## Dataset excerpts
- - -
lemma nct_l1_mult:
  assumes "nct_l1 a" "nct_l1 b"
  shows "nct_l1 (nct_mult \<theta> a b)"
proof -
  have "(\<lambda>k. \<Sum>\<^sub>\<infinity>m. norm (a m) * norm (b (k - m))) summable_on UNIV"
    using summable_on_Sigma_banach[where f="\<lambda>k m. norm (a m) * norm (b (k - m))" and A=UNIV and B="\<lambda>_. UNIV"]
      nct_l1_convolution[OF assms] by simp
  then show ?thesis
  proof (rule summable_on_comparison_test)
    fix k
    have "norm (nct_mult \<theta> a b k)
        \<le> (\<Sum>\<^sub>\<infinity>m. norm (a m * b (k - m) * nct_phase \<theta> (snd m * (fst k - fst m))))"
      unfolding nct_mult_apply
      by (rule norm_infsum_bound)
        (use nct_mult_series_summable[OF assms] in \<open>simp add: summable_on_iff_abs_summable_on_complex\<close>)
    then show "norm (nct_mult \<theta> a b k) \<le> (\<Sum>\<^sub>\<infinity>m. norm (a m) * norm (b (k - m)))"
      by (simp add: norm_mult)
  qed auto
qed

lemma nct_mult_lincomb_left:
  assumes "nct_l1 a" "nct_l1 b" "nct_l1 c"
  shows "nct_mult \<theta> (\<lambda>k. x * a k + y * b k) c = (\<lambda>r. x * nct_mult \<theta> a c r + y * nct_mult \<theta> b c r)"
proof
  fix r
  let ?t = "\<lambda>a m. a m * c (r - m) * nct_phase \<theta> (snd m * (fst r - fst m))"
  have "nct_mult \<theta> (\<lambda>k. x * a k + y * b k) c r = (\<Sum>\<^sub>\<infinity>m. x * ?t a m + y * ?t b m)"
    unfolding nct_mult_apply by (rule infsum_cong) (simp add: algebra_simps)
  also have "\<dots> = x * nct_mult \<theta> a c r + y * nct_mult \<theta> b c r"
    unfolding nct_mult_apply
    using nct_mult_series_summable[OF assms(1,3), where k=r and \<theta>=\<theta>]
      nct_mult_series_summable[OF assms(2,3), where k=r and \<theta>=\<theta>]
    by (subst infsum_add) (auto intro: summable_on_cmult_right simp: infsum_cmult_right')
  finally show "nct_mult \<theta> (\<lambda>k. x * a k + y * b k) c r = x * nct_mult \<theta> a c r + y * nct_mult \<theta> b c r" .
qed

lemma nct_mult_lincomb_right:
  assumes "nct_l1 a" "nct_l1 b" "nct_l1 c"
  shows "nct_mult \<theta> c (\<lambda>k. x * a k + y * b k) = (\<lambda>r. x * nct_mult \<theta> c a r + y * nct_mult \<theta> c b r)"
proof
  fix r
  let ?t = "\<lambda>a m. c m * a (r - m) * nct_phase \<theta> (snd m * (fst r - fst m))"
  have "nct_mult \<theta> c (\<lambda>k. x * a k + y * b k) r = (\<Sum>\<^sub>\<infinity>m. x * ?t a m + y * ?t b m)"
    unfolding nct_mult_apply by (rule infsum_cong) (simp add: algebra_simps)
  also have "\<dots> = x * nct_mult \<theta> c a r + y * nct_mult \<theta> c b r"
    unfolding nct_mult_apply
    using nct_mult_series_summable[OF assms(3,1), where k=r and \<theta>=\<theta>]
      nct_mult_series_summable[OF assms(3,2), where k=r and \<theta>=\<theta>]
    by (subst infsum_add) (auto intro: summable_on_cmult_right simp: infsum_cmult_right')
  finally show "nct_mult \<theta> c (\<lambda>k. x * a k + y * b k) r = x * nct_mult \<theta> c a r + y * nct_mult \<theta> c b r" .
qed

lemma nct_mult_add_left:
  assumes "nct_l1 a" "nct_l1 b" "nct_l1 c"
  shows "nct_mult \<theta> (\<lambda>k. a k + b k) c = (\<lambda>r. nct_mult \<theta> a c r + nct_mult \<theta> b c r)"
  using nct_mult_lincomb_left[OF assms, of \<theta> 1 1] by simp

lemma nct_mult_add_right:
  assumes "nct_l1 a" "nct_l1 b" "nct_l1 c"
  shows "nct_mult \<theta> c (\<lambda>k. a k + b k) = (\<lambda>r. nct_mult \<theta> c a r + nct_mult \<theta> c b r)"
  using nct_mult_lincomb_right[OF assms, of \<theta> 1 1] by simp

lemma nct_mult_zero_left [simp]: "nct_mult \<theta> (\<lambda>_. 0) b = (\<lambda>_. 0)"
  by (rule ext) (simp add: nct_mult_apply)

lemma nct_mult_zero_right [simp]: "nct_mult \<theta> a (\<lambda>_. 0) = (\<lambda>_. 0)"
  by (rule ext) (simp add: nct_mult_apply)

lemma nct_mult_lincomb:
  assumes "nct_l1 a" "nct_l1 b"
  shows "nct_mult \<theta> (\<lambda>k. x1 * a k + y1 * b k) (\<lambda>k. x2 * a k + y2 * b k) =
    (\<lambda>r. x1 * x2 * nct_mult \<theta> a a r + x1 * y2 * nct_mult \<theta> a b r
      + y1 * x2 * nct_mult \<theta> b a r + y1 * y2 * nct_mult \<theta> b b r)"
  using assms by (simp add: nct_mult_lincomb_left nct_mult_lincomb_right nct_l1_lincomb algebra_simps)

lemma nct_int_mult_lincomb:
  assumes "nct_l1 a" "nct_l1 b"
  shows "nct_int (nct_mult \<theta> (\<lambda>k. x1 * a k + y1 * b k) (\<lambda>k. x2 * a k + y2 * b k)) =
    x1 * x2 * nct_int (nct_mult \<theta> a a) + x1 * y2 * nct_int (nct_mult \<theta> a b)
    + y1 * x2 * nct_int (nct_mult \<theta> b a) + y1 * y2 * nct_int (nct_mult \<theta> b b)"
  by (simp add: nct_mult_lincomb[OF assms] nct_int_def)

lemma nct_mult_assoc:
  assumes "nct_l1 a" "nct_l1 b" "nct_l1 c"
  shows "nct_mult \<theta> (nct_mult \<theta> a b) c = nct_mult \<theta> a (nct_mult \<theta> b c)"
proof
  fix k :: "int \<times> int"
  obtain Bc where Bc: "\<And>k. norm (c k) \<le> Bc"
    using nct_l1_bounded[OF assms(3)] by blast
  define G where "G = (\<lambda>(m::int \<times> int, j::int \<times> int). a m * b j * c (k - m - j) *
       nct_phase \<theta> (snd j * (fst k - fst m - fst j) + snd m * (fst k - fst m)))"
  have "(\<lambda>z. norm (G z)) summable_on UNIV"
  proof (rule summable_on_comparison_test)
    show "(\<lambda>(x, y). Bc * (norm (a x) * norm (b y))) summable_on UNIV"
      using summable_on_cmult_right[OF summable_on_product_nonneg[of "\<lambda>x. norm (a x)" "\<lambda>y. norm (b y)"]]
        assms(1,2) by (simp add: case_prod_unfold)
    fix z :: "(int \<times> int) \<times> (int \<times> int)"
    obtain m j where z: "z = (m, j)" by (cases z)
    have "norm (G z) \<le> norm (a m) * norm (b j) * Bc"
      by (simp add: G_def z norm_mult Bc mult_left_mono)
    then show "norm (G z) \<le> (\<lambda>(x, y). Bc * (norm (a x) * norm (b y))) z"
      by (simp add: z mult.commute)
  qed auto
  then have G_summable: "G summable_on UNIV"
    by (simp add: summable_on_iff_abs_summable_on_complex)
  have "nct_mult \<theta> a (nct_mult \<theta> b c) k = (\<Sum>\<^sub>\<infinity>m. \<Sum>\<^sub>\<infinity>j. G (m, j))"
    unfolding nct_mult_apply
  proof (rule infsum_cong)
    fix m :: "int \<times> int"
    have "nct_phase \<theta> (snd j * (fst (k - m) - fst j)) * nct_phase \<theta> (snd m * (fst k - fst m))
        = nct_phase \<theta> (snd j * (fst k - fst m - fst j) + snd m * (fst k - fst m))" for j :: "int \<times> int"
      by (rule nct_phase_mult_eqI) simp
    then show "a m * (\<Sum>\<^sub>\<infinity>j. b j * c (k - m - j) * nct_phase \<theta> (snd j * (fst (k - m) - fst j)))
        * nct_phase \<theta> (snd m * (fst k - fst m)) = (\<Sum>\<^sub>\<infinity>j. G (m, j))"
      by (simp add: G_def infsum_cmult_right'[symmetric] infsum_cmult_left'[symmetric] mult.assoc)
  qed
  also have "\<dots> = (\<Sum>\<^sub>\<infinity>q. \<Sum>\<^sub>\<infinity>m. G (m, q - m))"
    by (rule infsum_convolution_reindex[OF G_summable])
  also have "\<dots> = nct_mult \<theta> (nct_mult \<theta> a b) c k"
    unfolding nct_mult_apply
  proof (rule infsum_cong)
    fix q :: "int \<times> int"
    have "(\<Sum>\<^sub>\<infinity>m. G (m, q - m)) = (\<Sum>\<^sub>\<infinity>m. a m * b (q - m) * nct_phase \<theta> (snd m * (fst q - fst m))
        * c (k - q) * nct_phase \<theta> (snd q * (fst k - fst q)))"
    proof (rule infsum_cong)
      fix m :: "int \<times> int"
      have "nct_phase \<theta> (snd m * (fst q - fst m)) * nct_phase \<theta> (snd q * (fst k - fst q))
          = nct_phase \<theta> (snd (q - m) * (fst k - fst m - fst (q - m)) + snd m * (fst k - fst m))"
        by (rule nct_phase_mult_eqI) (simp add: algebra_simps)
      moreover have "k - m - (q - m) = k - q" by simp
      ultimately show "G (m, q - m) = a m * b (q - m) * nct_phase \<theta> (snd m * (fst q - fst m))
          * c (k - q) * nct_phase \<theta> (snd q * (fst k - fst q))"
        unfolding G_def by (simp add: ac_simps)
    qed
    then show "(\<Sum>\<^sub>\<infinity>m. G (m, q - m)) = (\<Sum>\<^sub>\<infinity>m. a m * b (q - m) * nct_phase \<theta> (snd m * (fst q - fst m)))
        * c (k - q) * nct_phase \<theta> (snd q * (fst k - fst q))"
      by (simp add: infsum_cmult_left')
  qed
  finally show "nct_mult \<theta> (nct_mult \<theta> a b) c k = nct_mult \<theta> a (nct_mult \<theta> b c) k" ..
qed

lemma nct_int_mult_commute: "nct_int (nct_mult \<theta> a b) = nct_int (nct_mult \<theta> b a)"
proof -
  have "nct_int (nct_mult \<theta> b a) = (\<Sum>\<^sub>\<infinity>m. b m * a (- m) * nct_phase \<theta> (snd m * (- fst m)))"
    by (simp add: nct_int_def nct_mult_apply zero_prod_def[symmetric])
  also have "\<dots> = (\<Sum>\<^sub>\<infinity>m. a m * b (- m) * nct_phase \<theta> (snd m * (- fst m)))"
    by (rule infsum_reindex_bij_witness[of UNIV uminus uminus]) (auto simp: algebra_simps)
  also have "\<dots> = nct_int (nct_mult \<theta> a b)"
    by (simp add: nct_int_def nct_mult_apply zero_prod_def[symmetric])
  finally show ?thesis ..
qed

lemma nct_star_mult: "nct_star \<theta> (nct_mult \<theta> a b) = nct_mult \<theta> (nct_star \<theta> b) (nct_star \<theta> a)"
proof
  fix r :: "int \<times> int"
  have "nct_star \<theta> (nct_mult \<theta> a b) r =
     (\<Sum>\<^sub>\<infinity>m. cnj (a m * b (- r - m) * nct_phase \<theta> (snd m * (fst (- r) - fst m))) * nct_phase \<theta> (fst r * snd r))"
    by (simp only: nct_star_apply nct_mult_apply infsum_cnj infsum_cmult_left')
  also have "\<dots> = (\<Sum>\<^sub>\<infinity>m. nct_star \<theta> b (r + m) * nct_star \<theta> a (r - (r + m))
      * nct_phase \<theta> (snd (r + m) * (fst r - fst (r + m))))"
  proof (rule infsum_cong)
    fix m :: "int \<times> int"
    have "cnj (a m * b (- r - m) * nct_phase \<theta> (snd m * (fst (- r) - fst m))) * nct_phase \<theta> (fst r * snd r)
        = cnj (a m) * cnj (b (- r - m))
          * (nct_phase \<theta> (- (snd m * (fst (- r) - fst m))) * nct_phase \<theta> (fst r * snd r))"
      by (simp add: cnj_nct_phase mult_ac)
    also have "nct_phase \<theta> (- (snd m * (fst (- r) - fst m))) * nct_phase \<theta> (fst r * snd r)
        = nct_phase \<theta> (fst (r + m) * snd (r + m)) * nct_phase \<theta> (fst (- m) * snd (- m))
          * nct_phase \<theta> (snd (r + m) * (fst r - fst (r + m)))"
      unfolding nct_phase_add[symmetric] by (rule arg_cong[where f="nct_phase \<theta>"]) (simp add: algebra_simps)
    finally have "cnj (a m * b (- r - m) * nct_phase \<theta> (snd m * (fst (- r) - fst m))) * nct_phase \<theta> (fst r * snd r)
        = cnj (a m) * cnj (b (- r - m)) * (nct_phase \<theta> (fst (r + m) * snd (r + m)) * nct_phase \<theta> (fst (- m) * snd (- m))
          * nct_phase \<theta> (snd (r + m) * (fst r - fst (r + m))))" .
    moreover have "- r - m = - (r + m)" and "r - (r + m) = - m"
      by simp_all
    ultimately show "cnj (a m * b (- r - m) * nct_phase \<theta> (snd m * (fst (- r) - fst m))) * nct_phase \<theta> (fst r * snd r) =
        nct_star \<theta> b (r + m) * nct_star \<theta> a (r - (r + m)) * nct_phase \<theta> (snd (r + m) * (fst r - fst (r + m)))"
      unfolding nct_star_apply by (simp only: minus_minus mult_ac)
  qed
  also have "\<dots> = nct_mult \<theta> (nct_star \<theta> b) (nct_star \<theta> a) r"
    unfolding nct_mult_apply
    by (rule infsum_reindex_bij_witness[of UNIV "\<lambda>j. j - r" "\<lambda>m. r + m"]) auto
  finally show "nct_star \<theta> (nct_mult \<theta> a b) r = nct_mult \<theta> (nct_star \<theta> b) (nct_star \<theta> a) r" .
qed

definition nct_sq_norm :: "real \<Rightarrow> nct \<Rightarrow> complex" where
  "nct_sq_norm \<theta> a = nct_int (nct_mult \<theta> (nct_star \<theta> a) a)"

lemma nct_sq_norm_eq: "nct_sq_norm \<theta> a = (\<Sum>\<^sub>\<infinity>m. complex_of_real (norm (a m) ^ 2))"
proof -
  have "nct_sq_norm \<theta> a = (\<Sum>\<^sub>\<infinity>m. complex_of_real (norm (a (- m)) ^ 2))"
    unfolding nct_sq_norm_def nct_int_def zero_prod_def[symmetric] nct_mult_apply
  proof (rule infsum_cong)
    fix m :: "int \<times> int"
    let ?P = "nct_phase \<theta> (snd m * (fst (0::int \<times> int) - fst m))"
    have "nct_star \<theta> a m * a (0 - m) * ?P = cnj (a (- m)) * a (- m) * (nct_phase \<theta> (fst m * snd m) * ?P)"
      by (simp add: nct_star_apply mult_ac)
    also have "nct_phase \<theta> (fst m * snd m) * ?P = 1"
      by (simp add: nct_phase_add[symmetric] algebra_simps)
    finally have "nct_star \<theta> a m * a (0 - m) * ?P = cnj (a (- m)) * a (- m)"
      by simp
    then show "nct_star \<theta> a m * a (0 - m) * ?P = complex_of_real (norm (a (- m)) ^ 2)"
      by (metis complex_norm_square mult.commute of_real_power)
  qed
  also have "\<dots> = (\<Sum>\<^sub>\<infinity>m. complex_of_real (norm (a m) ^ 2))"
    by (rule infsum_reindex_bij_witness[of UNIV uminus uminus]) auto
  finally show ?thesis .
qed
- - -
## Your instructions
Which lines in the material contain the word "also"? Pull each of them out.

## Written solution
  also have "\<dots> = x * nct_mult \<theta> a c r + y * nct_mult \<theta> b c r"
  also have "\<dots> = x * nct_mult \<theta> c a r + y * nct_mult \<theta> c b r"
  also have "\<dots> = (\<Sum>\<^sub>\<infinity>q. \<Sum>\<^sub>\<infinity>m. G (m, q - m))"
  also have "\<dots> = nct_mult \<theta> (nct_mult \<theta> a b) c k"
  also have "\<dots> = (\<Sum>\<^sub>\<infinity>m. a m * b (- m) * nct_phase \<theta> (snd m * (- fst m)))"
  also have "\<dots> = nct_int (nct_mult \<theta> a b)"
  also have "\<dots> = (\<Sum>\<^sub>\<infinity>m. nct_star \<theta> b (r + m) * nct_star \<theta> a (r - (r + m))
    also have "nct_phase \<theta> (- (snd m * (fst (- r) - fst m))) * nct_phase \<theta> (fst r * snd r)
  also have "\<dots> = nct_mult \<theta> (nct_star \<theta> b) (nct_star \<theta> a) r"
    also have "nct_phase \<theta> (fst m * snd m) * ?P = 1"
  also have "\<dots> = (\<Sum>\<^sub>\<infinity>m. complex_of_real (norm (a m) ^ 2))"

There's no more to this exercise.